Мария фон Турн-унд-Таксис
1932
Райнер Мария Рильке
«Пора оплакивания» исполнена всепоглощающей эмоциональности не столь всецело, как обыкновенно думают: в ней даже бо́льшая, чем прежде, неустанность общения с ушедшим, словно бы он к нам приблизился. Ибо со смертью происходит не только становление невидимого, но и новое вхождение в ви́дение; не только лишение, но и совершенно непостижимым образом приращение. От человеческого явления, текучие линии которого кажутся нашему глазу застывшими, хотя образ его был творим постоянными подвижками и действиями, в нас чаще всего остается лишь совокупно-идеальное о нем представление и притом такое, полное постижение которого никак не позволит осуществить кратковременность нашего бытия.
И этот новый процесс познания сопровождается таким же непосредственным сопереживанием, как это случалось во времена нашего личного с ним общения; оно приходит отнюдь не из преднамеренного ментального напряжения, жаждущего утешения или чествования.
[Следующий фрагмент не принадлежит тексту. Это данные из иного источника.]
(* Let $Z$ be admissible with respect to $Z^\star$ and let $(\alpha_m)$ be a sequence witnessing property (4b) of admissibility. Suppose that $\hat X$ is a block-independent process with blocklength $b$. Then \[ \left|I(\hat X;Z^\star(\hat X))-\frac{I(\hat X_1^b;Z^\star(\hat X_1^b))}{b}\right|\le\alpha_b/b, \] where $\lim_{b\to\infty}\alpha_b/b=0$.
   Context: A process $X=(X_i)_{i\in\mathbb N}$ (with $X_m^n=(X_m,\dots,X_n)$) is block-independent with blocklength $b$ if for every $t\ge1$ and $n=tb$, $\Pr[X_1^n=x_1^n]=\prod_{i=1}^t\Pr[X_1^b=x_{(i-1)b+1}^{ib}]$. A channel $Z$ with finite input alphabet assigns to each finite input string $x$ a random output $Z(x)$ in a discrete set; applying a channel to several inputs means independent applications. $A\to B\to C$ denotes a Markov chain; logs base 2. For a process $P$, $I(P;Z(P))=\liminf_n I(P_1^n;Z(P_1^n))/n$. $Z$ is admissible with respect to $Z^\star$ (same input alphabet) if: (1) there is $c>0$ with $H(Z^\star(X_1^n))\le cn$ for every process $X$ and $n\ge1$; (2) $I(X;Z(X))=I(X;Z^\star(X))$ for every process $X$; (3) for every $X$ and $1\le m\le n$: $X_1^n\to Z^\star(X_1^m),Z^\star(X_{m+1}^n)\to Z^\star(X_1^n)$; (4a) for every integer $\tau\ge1$ there is a non-decreasing $\gamma_m=o(m)$ with $\sum_m\gamma_m/m^2<\infty$ such that for every $X$ and $n\ge\tau$ there are $W_{\mathrm{pre}},W_{\mathrm{suf}}$ with $X_1^n\to Z^\star(X_1^n),W_{\mathrm{pre}}\to Z^\star(X_1^\tau),Z^\star(X_{\tau+1}^n)$, $X_1^n\to Z^\star(X_1^n),W_{\mathrm{suf}}\to Z^\star(X_1^{n-\tau}),Z^\star(X_{n-\tau+1}^n)$, $H(W_{\mathrm{pre}}),H(W_{\mathrm{suf}})\le\gamma_n$; (4b) there is a sequence $\alpha_m=o(m)$ such that for every $X$, $b$, $t$ there is $W$ with $X_1^{tb}\to Z^\star(X_1^{tb}),W\to Z^\star(X_1^b),\dots,Z^\star(X_{(t-1)b+1}^{tb})$ and $H(W)\le t\alpha_b$; (5) there is $\beta_m=o(m)$ such that for every $X$, $b$, $t$ there are $Y$ with $X_1^{tb}\to Z^\star(X_1^b),\dots,Z^\star(X_{(t-1)b+1}^{tb})\to Y$ and a deterministic $\phi$ with $Z^\star(X_1^{tb})=\phi(Z^\star(X_1^b),\dots,Z^\star(X_{(t-1)b+1}^{tb}),Y)$ and $\max_z\log|\phi^{-1}(z)|\le t\beta_b$. *)

theory Defs
  imports "HOL-Probability.Probability"
begin
lemma computable_compose:
  assumes g: "computable (length hs) g" and hs: "\<forall>h\<in>set hs. computable k h"
  shows "computable k (\<lambda>e. g (\<lambda>i. (hs ! i) e))"
proof -
  obtain fs where fs: "\<forall>e. list_all2 (\<lambda>f y. rec_eval f (map e [0..<k]) y) fs (map (\<lambda>h. h e) hs)"
    using programs_for_computable[OF hs] by blast
  obtain f where f: "\<forall>e. rec_eval f (map e [0..<length hs]) (g e)"
    using g unfolding computable_def by blast
  have "rec_eval (Cn f fs) (map e [0..<k]) (g (\<lambda>i. (hs ! i) e))" for e
  proof (rule rec_eval.comp)
    show "list_all2 (\<lambda>f y. rec_eval f (map e [0..<k]) y) fs (map (\<lambda>h. h e) hs)"
      using fs by blast
    have "map (\<lambda>h. h e) hs = map (\<lambda>i. (hs ! i) e) [0..<length hs]"
      by (rule nth_equalityI) auto
    then show "rec_eval f (map (\<lambda>h. h e) hs) (g (\<lambda>i. (hs ! i) e))"
      using f by simp
  qed
  then show ?thesis
    unfolding computable_def by blast
qed

lemma computable_compose1:
  "computable 1 (\<lambda>e. F (e 0)) \<Longrightarrow> computable k a \<Longrightarrow> computable k (\<lambda>e. F (a e))"
  using computable_compose[of "[a]" "\<lambda>e. F (e 0)"] by simp
lemma nn_integral_decaying_power_weight_finite:
  fixes w :: "'a::euclidean_space \<Rightarrow> real" and M \<theta> p \<sigma> :: real
  assumes pos: "\<And>x. w x > 0" and bdd: "\<And>x. w x \<le> M" and dec: "decays_like w \<theta>"
    and p: "p > 0" and \<sigma>: "0 \<le> \<sigma>" "\<sigma> < DIM('a)" and big: "DIM('a) < (p+1)*\<theta> + \<sigma>"
  shows "(\<integral>\<^sup>+x. ennreal (w x powr (p+1) / norm x powr \<sigma>) \<partial>lborel) < \<infinity>"
proof -
  obtain C R0 where C: "C > 0" and upper: "\<And>x. R0 \<le> norm x \<Longrightarrow> w x \<le> C * norm x powr (-\<theta>)"
    using dec unfolding decays_like_def by blast
  define R where "R = max R0 1"
  define g1 where "g1 = (\<lambda>x::'a. ennreal (norm x powr (-\<sigma>)) * indicator {x. norm x < R} x)"
  define g2 where "g2 = (\<lambda>x::'a. ennreal (norm x powr (-((p+1)*\<theta>+\<sigma>))) * indicator {x. R \<le> norm x} x)"
  have "(\<integral>\<^sup>+x. ennreal (w x powr (p+1) / norm x powr \<sigma>) \<partial>lborel)
      \<le> (\<integral>\<^sup>+x. ennreal (M powr (p+1)) * g1 x + ennreal (C powr (p+1)) * g2 x \<partial>lborel)"
  proof (intro nn_integral_mono)
    fix x :: 'a
    have e: "w x powr (p+1) / norm x powr \<sigma> = w x powr (p+1) * norm x powr (-\<sigma>)"
      by (simp add: powr_minus_divide)
    show "ennreal (w x powr (p+1) / norm x powr \<sigma>) \<le> ennreal (M powr (p+1)) * g1 x + ennreal (C powr (p+1)) * g2 x"
    proof (cases "norm x < R")
      case True
      have "w x powr (p+1) * norm x powr (-\<sigma>) \<le> M powr (p+1) * norm x powr (-\<sigma>)"
        by (intro mult_right_mono powr_mono2) (use pos[of x] bdd[of x] p in auto)
      thus ?thesis
        using True unfolding e g1_def by (simp add: ennreal_mult[symmetric] ennreal_leI add_increasing2)
    next
      case False
      hence Rx: "R \<le> norm x" by simp
      have "w x powr (p+1) \<le> (C * norm x powr (-\<theta>)) powr (p+1)"
        using pos[of x] upper[of x] Rx p unfolding R_def by (intro powr_mono2) auto
      also have "\<dots> = C powr (p+1) * norm x powr (-\<theta>*(p+1))"
        using C by (simp add: powr_mult powr_powr)
      finally have "w x powr (p+1) * norm x powr (-\<sigma>) \<le> C powr (p+1) * norm x powr (-\<theta>*(p+1)) * norm x powr (-\<sigma>)"
        by (rule mult_right_mono) simp
      also have "\<dots> = C powr (p+1) * norm x powr (-((p+1)*\<theta>+\<sigma>))"
        by (simp add: mult.assoc powr_add[symmetric] algebra_simps)
      finally have "w x powr (p+1) * norm x powr (-\<sigma>) \<le> C powr (p+1) * norm x powr (-((p+1)*\<theta>+\<sigma>))" .
      thus ?thesis
        using Rx unfolding e g2_def by (simp add: ennreal_mult[symmetric] ennreal_leI add_increasing)
    qed
  qed
  also have "\<dots> = ennreal (M powr (p+1)) * (\<integral>\<^sup>+x. g1 x \<partial>lborel) + ennreal (C powr (p+1)) * (\<integral>\<^sup>+x. g2 x \<partial>lborel)"
    unfolding g1_def g2_def by (subst nn_integral_add) (auto simp: nn_integral_cmult)
  also have "\<dots> < \<infinity>"
  proof -
    have "R > 0" unfolding R_def by simp
    have "(\<integral>\<^sup>+x. g1 x \<partial>lborel) < \<infinity>"
      unfolding g1_def by (rule nn_integral_norm_powr_inside_ball_finite) (use \<open>R > 0\<close> \<sigma> in auto)
    moreover have "(\<integral>\<^sup>+x. g2 x \<partial>lborel) < \<infinity>"
      unfolding g2_def by (rule nn_integral_norm_powr_outside_ball_finite) (use \<open>R > 0\<close> big in auto)
    ultimately show ?thesis by (simp add: ennreal_mult_less_top)
  qed
  finally show ?thesis .
qed
lemma rel_adj_M:
  assumes "Im z \<noteq> 0"
  shows "rel_adj (M z) = M (cnj z)"
proof -
  have "Im z * Im z > 0" "Im (cnj z) * Im (cnj z) > 0"
    using assms by (auto simp: zero_less_mult_iff linorder_neq_iff)
  then have "shift_surj (M z) z" "shift_surj (M (cnj z)) (cnj z)"
    by (simp_all only: shift_surj_M)
  then have "rel_adj (M z) \<subseteq> M (cnj z)"
    using weyl_family_cnj_subset_adj[OF isometric] by (intro rel_adj_subset_if_shift_surj)
  then show ?thesis
    using weyl_family_cnj_subset_adj[OF isometric] by blast
qed

lemma M_maximal:
  assumes "Im z * Im \<mu> > 0" and S: "csubspace S" "M z \<subseteq> S"
    and sign: "\<And>f f'. (f, f') \<in> S \<Longrightarrow> 0 \<le> Im (cinner f' f) * Im \<mu>"
  shows "S = M z"
  using assms shift_surj_M by (intro antisym subset_if_shift_surj_sign[OF S(1), of "M z" \<mu>]) auto

lemma max_dissipative_M:
  assumes "Im z > 0"
  shows "max_dissipative (M z)"
proof -
  have "dissipative_rel (M z)"
    unfolding dissipative_rel_def using csubspace_M weyl_family_sign[OF isometric, of z \<i>] assms by auto
  moreover have "S = M z" if "dissipative_rel S" "M z \<subseteq> S" for S
    using that assms unfolding dissipative_rel_def by (intro M_maximal[of z \<i>]) auto
  ultimately show ?thesis
    unfolding max_dissipative_def by blast
qed
text \<open>The value stored at index \<open>m\<close> is the one that, by \<open>det_toeplitz_hess_Suc\<close>, makes the
  leading minor of order \<open>m + 1\<close> equal to \<open>g (m + 1)\<close>; later indices are still \<open>0\<close>.\<close>
primrec minor_coeffs :: "(nat \<Rightarrow> real) \<Rightarrow> nat \<Rightarrow> nat \<Rightarrow> real" where
  "minor_coeffs g 0 = (\<lambda>_. 0)"
| "minor_coeffs g (Suc m) = (minor_coeffs g m)
     (m := (-1) ^ m * (g (Suc m) - det (toeplitz_hess (minor_coeffs g m) (Suc m))))"

lemma minor_coeffs_beyond: "m \<le> j \<Longrightarrow> minor_coeffs g m j = 0"
  by (induction m) auto

lemma minor_coeffs_stable: "j < m \<Longrightarrow> minor_coeffs g m j = minor_coeffs g (Suc j) j"
  by (induction m) (auto simp: less_Suc_eq)

lemma det_toeplitz_hess_minor_coeffs:
  "det (toeplitz_hess (minor_coeffs g (Suc m)) (Suc m)) = g (Suc m)"
proof -
  have "(minor_coeffs g (Suc m))(m := 0) = minor_coeffs g m"
    by (auto simp: minor_coeffs_beyond)
  then show ?thesis
    using det_toeplitz_hess_Suc[of "minor_coeffs g (Suc m)" m]
    by (simp flip: mult.assoc power_add)
qed

lemma toeplitz_hess_leading_minors_exists: "\<exists>a. \<forall>n\<ge>1. det (toeplitz_hess a n) = g n"
proof (intro exI allI impI)
  fix n :: nat
  assume "n \<ge> 1"
  then obtain m where n: "n = Suc m"
    using not0_implies_Suc by fastforce
  have "toeplitz_hess (\<lambda>j. minor_coeffs g (Suc j) j) n = toeplitz_hess (minor_coeffs g n) n"
    by (rule toeplitz_hess_cong) (simp add: minor_coeffs_stable)
  then show "det (toeplitz_hess (\<lambda>j. minor_coeffs g (Suc j) j) n) = g n"
    using det_toeplitz_hess_minor_coeffs[of g m] by (simp only: n)
qed

lemma det_toeplitz_hess_coeff_seq: "det (toeplitz_hess (coeff_seq k t) n) = t ^ (n - k - 1)"
proof -
  obtain a where a: "\<forall>n\<ge>1. det (toeplitz_hess a n) = t ^ (n - k - 1)"
    using toeplitz_hess_leading_minors_exists[of "\<lambda>n. t ^ (n - k - 1)"] by blast
  have "coeff_seq k t = a"
    unfolding coeff_seq_def
  proof (rule the_equality)
    show "b = a" if "\<forall>n\<ge>1. det (toeplitz_hess b n) = t ^ (n - k - 1)" for b
      using that a by (rule toeplitz_hess_leading_minors_unique)
  qed (fact a)
  with a show ?thesis
    using det_dim_zero[OF toeplitz_hess_carrier, of a] by (cases "n = 0") simp_all
qed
Даже не будучи перебиваемо сталкивающимися меж собой причинами прежних переживаний или впечатлений, это страстное в-себя-приятие, эта прежде абсолютно невозможная встреча происходит в процессе вслушивания в весть, исходящую от умолкнувшего:
Веянье слушай!
Непрерывную вещую весть,
что тишина нам волхвует!..
Так всё и происходило со мною на переходе от 1926 к 1927-му году, который Райнер Мария Рильке в письме со смертного ложа назвал «задувающе-угрожающим». Сколь малым стало вдруг ошеломительное различие между продолжением жизни и смертью. Со всей очевидностью стало вдруг ясно, что полнота общения всецело заключена в силе нашего порыва: ибо все они, и любимейшие всего более, есть для нас символы и образы тех самых ранних любовных устремленностей, посредством которых мы учились любить, быть может, даже прежде, чем эти люди жили сами: так восточные конфигурации облаков озаряются солнечным закатом западного небосвода. При жизни мы очень мало знаем о том, чем связаны с максимально светящимся – с тем, кто не может перестать лучиться. Существует то возлюбленное, что пребывает покоящимся в гробу, вероятно, наипечальнейше оплаканное за свое бытие-в-смерти; но существует и другое, то, что всему могущему случиться с нами откликается в качестве живого, в беседе с глазу на глаз, словно бы оно само становилось от этого непрерывно обновляющейся реальностью, ибо эта реальность соприкасается с тем, что нас вечно единит с жизнью и смертью.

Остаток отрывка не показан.